- _EXERCISE AIM_
Copy out lines with the word "assms" from the material that follows.

- _ENTRIES SUPPLIED_
theorem theorem1:
  fixes n k r :: int
  assumes "0 \<le> k" and "k \<le> n - 2" and "1 \<le> r" and "r \<le> n"
  shows "real_of_int (k + 1) / real_of_int (n - k - 1) *
           (\<Sum>i\<in>{0..k}. ibinom k i * ibinom (n - k + i - 1) r * ibinom (n - i - 1) (n - r))
       = real_of_int (k + 1) / real_of_int r *
           (\<Sum>j\<in>{j. 0 \<le> j \<and> 2 * j \<le> k}. (-1) ^ nat j *
              (ibinom k j * ibinom (k - j) j * ibinom (n - j - 2) (r - 1) * ibinom (n - j - 1) (r - j - 1))
              / ibinom (n - j - 2) j)"
proof -
  obtain K N R where k: "k = int K" and n: "n = int N" and r: "r = int R"
    using assms by (metis nonneg_int_cases order.trans zero_le_one)
  have KNR: "K + 2 \<le> N" "1 \<le> R" "R \<le> N"
    using assms unfolding k n r by auto
  define S where "S = (\<Sum>i\<le>K. real (K choose i) * real ((N-1-K+i) choose R) * real ((N-1-i) choose (N-R)))"
  define T where "T = (\<Sum>j\<le>K div 2. real (K choose (2*j)) * central_term N R j)"
  have "(\<Sum>i\<in>{0..k}. ibinom k i * ibinom (n - k + i - 1) r * ibinom (n - i - 1) (n - r)) = S"
    unfolding k n r S_def by (rule ibinom_triple_sum_eq_nat[OF KNR(1,3)])
  moreover have "(\<Sum>j\<in>{j. 0 \<le> j \<and> 2 * j \<le> k}. (-1) ^ nat j *
      (ibinom k j * ibinom (k - j) j * ibinom (n - j - 2) (r - 1) * ibinom (n - j - 1) (r - j - 1))
      / ibinom (n - j - 2) j) = T"
    unfolding k n r T_def by (rule ibinom_central_sum_eq_nat[OF KNR(1,2)])
  moreover have "S = (real N - real K - 1) / real R * T"
    using choose_triple_sum_identity[OF KNR] KNR unfolding S_def T_def by (simp add: field_simps)
  moreover have "real N - real K - 1 \<noteq> 0"
    using KNR by simp
  ultimately show ?thesis
    unfolding k n r by simp
qed

end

- _THE COMPLETED TASK_
    using assms by (metis nonneg_int_cases order.trans zero_le_one)
    using assms unfolding k n r by auto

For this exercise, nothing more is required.